Football stadium in Legnica, Poland

The White Eagle Municipal Stadium (Stadion Miejski im. Orła Białego) is a football stadium in Legnica, Poland, located in the City Park along White Eagle Avenue. The owner of the facility is the city, and the stadium is managed by the Legnica Sports and Recreation Center.

The stadium is primarily used by the football team Miedź Legnica. It was renovated between 2005 and 2009. The stadium can accommodate 6,156 spectators. In further stages of modernization, plans included the construction of lighting (four masts), filling the stadium's corners to close the structure, installing a heated pitch, fully roofing the stadium, and implementing an electronic stadium management system (electronic entry cards, etc.).
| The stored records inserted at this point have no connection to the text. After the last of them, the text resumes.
(* Let $f:\mathbb{R}^n\to\mathbb{R}$ be of class $C^{2+}$ with $L_f$-Lipschitz continuous gradient, let $g:\mathbb{R}^n\to\mathbb{R}\cup\{+\infty\}$ be proper, lower semicontinuous and $\rho$-weakly convex, let $\varphi=f+g$ with $\operatorname{argmin}\varphi\neq\emptyset$, and suppose $\{x:\varphi(x)\le\varphi(x^0)\}$ is bounded. Let $(x^k)$ be generated by the NTRA algorithm described in the context, and suppose that there is $M>0$ with $\|B_k\|\le M$ for all $k$ and there is $\beta\in(0,1)$ with $m_k(0)-m_k(d^k)\ge\beta\|\nabla\varphi_\gamma(x^k)\|\min\{\delta_k,\|\nabla\varphi_\gamma(x^k)\|/\|B_k\|\}$ for all $k$. Then $\liminf_{k\to\infty}\|\nabla\varphi_\gamma(x^k)\|=0$.
   Context: $C^{2+}$: twice continuously differentiable with locally Lipschitz Hessian; $\rho$-weakly convex: $g+\frac\rho2\|\cdot\|^2$ convex. $\operatorname{prox}_{\gamma g}(x)=\operatorname{argmin}_z\{g(z)+\frac1{2\gamma}\|z-x\|^2\}$, $R_\gamma(x)=\gamma^{-1}(x-\operatorname{prox}_{\gamma g}(x-\gamma\nabla f(x)))$, forward-backward envelope $\varphi_\gamma(x)=\inf_u\{f(x)+\langle\nabla f(x),u-x\rangle+g(u)+\frac1{2\gamma}\|u-x\|^2\}$. $\partial_C$: Clarke generalized Jacobian. NTRA: given $x^0$, $\gamma\in(0,\min\{1/L_f,1/\rho\})$, $\delta_0>0$, $0<\mu_1<\mu_2<1$, $0<c_1<c_2<1<c_3$; for $k=0,1,\dots$: select $P_k\in\partial_C\operatorname{prox}_{\gamma g}(x^k-\gamma\nabla f(x^k))$; $Q_k=I-\gamma\nabla^2f(x^k)$, $B_k=\gamma^{-1}Q_k(I-P_kQ_k)$; stop if $R_\gamma(x^k)=0$ and $\lambda_{\min}(B_k)\ge0$; $d^k$ is an (approximate) solution of $\min_d m_k(d):=\varphi_\gamma(x^k)+\langle\nabla\varphi_\gamma(x^k),d\rangle+\frac12\langle B_kd,d\rangle$ s.t. $\|d\|\le\delta_k$; $\rho_k=\frac{\varphi_\gamma(x^k)-\varphi_\gamma(x^k+d^k)}{m_k(0)-m_k(d^k)}$; $x^{k+1}=x^k$ if $\rho_k<\mu_1$, else $x^k+d^k$; $\delta_{k+1}=c_1\delta_k$ if $\rho_k<\mu_1$, $c_2\delta_k$ if $\mu_1\le\rho_k<\mu_2$, $c_3\delta_k$ if $\rho_k\ge\mu_2$. *)

theory Defs
  imports "HOL-Analysis.Analysis"
begin

definition grad :: "(real^'n \<Rightarrow> real) \<Rightarrow> real^'n \<Rightarrow> real^'n" where
  "grad f x = (THE v. (f has_derivative (\<lambda>h. v \<bullet> h)) (at x))"

definition hess :: "(real^'n \<Rightarrow> real) \<Rightarrow> real^'n \<Rightarrow> real^'n^'n" where
  "hess f x = (THE H. (grad f has_derivative (\<lambda>h. H *v h)) (at x))"

definition C2plus :: "(real^'n \<Rightarrow> real) \<Rightarrow> bool" where
  "C2plus f \<longleftrightarrow>
     (\<forall>x. f differentiable (at x)) \<and>
     (\<forall>x. grad f differentiable (at x)) \<and>
     continuous_on UNIV (hess f) \<and>
     (\<forall>x. \<exists>e>0. \<exists>K. \<forall>y\<in>ball x e. \<forall>z\<in>ball x e. norm (hess f y - hess f z) \<le> K * dist y z)"

definition lipschitz_grad :: "real \<Rightarrow> (real^'n \<Rightarrow> real) \<Rightarrow> bool" where
  "lipschitz_grad L f \<longleftrightarrow> (\<forall>x y. norm (grad f x - grad f y) \<le> L * dist x y)"

definition proper_fun :: "(real^'n \<Rightarrow> ereal) \<Rightarrow> bool" where
  "proper_fun g \<longleftrightarrow> (\<forall>x. g x \<noteq> -\<infinity>) \<and> (\<exists>x. g x \<noteq> \<infinity>)"

definition lsc_fun :: "(real^'n \<Rightarrow> ereal) \<Rightarrow> bool" where
  "lsc_fun g \<longleftrightarrow> (\<forall>x. g x \<le> Liminf (at x) g)"

definition convex_efun :: "(real^'n \<Rightarrow> ereal) \<Rightarrow> bool" where
  "convex_efun h \<longleftrightarrow> (\<forall>x y t. 0 \<le> t \<and> t \<le> 1 \<longrightarrow>
      h (t *\<^sub>R x + (1 - t) *\<^sub>R y) \<le> ereal t * h x + ereal (1 - t) * h y)"

definition weakly_convex :: "real \<Rightarrow> (real^'n \<Rightarrow> ereal) \<Rightarrow> bool" where
  "weakly_convex \<rho> g \<longleftrightarrow> convex_efun (\<lambda>x. g x + ereal (\<rho> / 2 * (norm x)\<^sup>2))"

definition prox :: "real \<Rightarrow> (real^'n \<Rightarrow> ereal) \<Rightarrow> real^'n \<Rightarrow> real^'n" where
  "prox \<gamma> g x = (THE z. \<forall>w. g z + ereal ((norm (z - x))\<^sup>2 / (2 * \<gamma>))
                             \<le> g w + ereal ((norm (w - x))\<^sup>2 / (2 * \<gamma>)))"

definition residual :: "real \<Rightarrow> (real^'n \<Rightarrow> real) \<Rightarrow> (real^'n \<Rightarrow> ereal) \<Rightarrow> real^'n \<Rightarrow> real^'n" where
  "residual \<gamma> f g x = (1 / \<gamma>) *\<^sub>R (x - prox \<gamma> g (x - \<gamma> *\<^sub>R grad f x))"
The project was scheduled for completion between 2009 and 2011. In 2011, training fields were completed near the stadium (including two football fields, each 105 m x 68 m, one with an artificial surface, an athletics track, lighting, and stands for around 200 spectators).

== Events held at the stadium ==
- From 1999 to 2005 and in 2010, the stadium hosted annual regional conventions of Jehovah's Witnesses.
- From September 9–12, 2010, the stadium hosted the 74th Polish Senior Archery Championships.
- From August 22–28, 2011, the stadium (and adjacent fields) hosted the Junior Archery World Championships.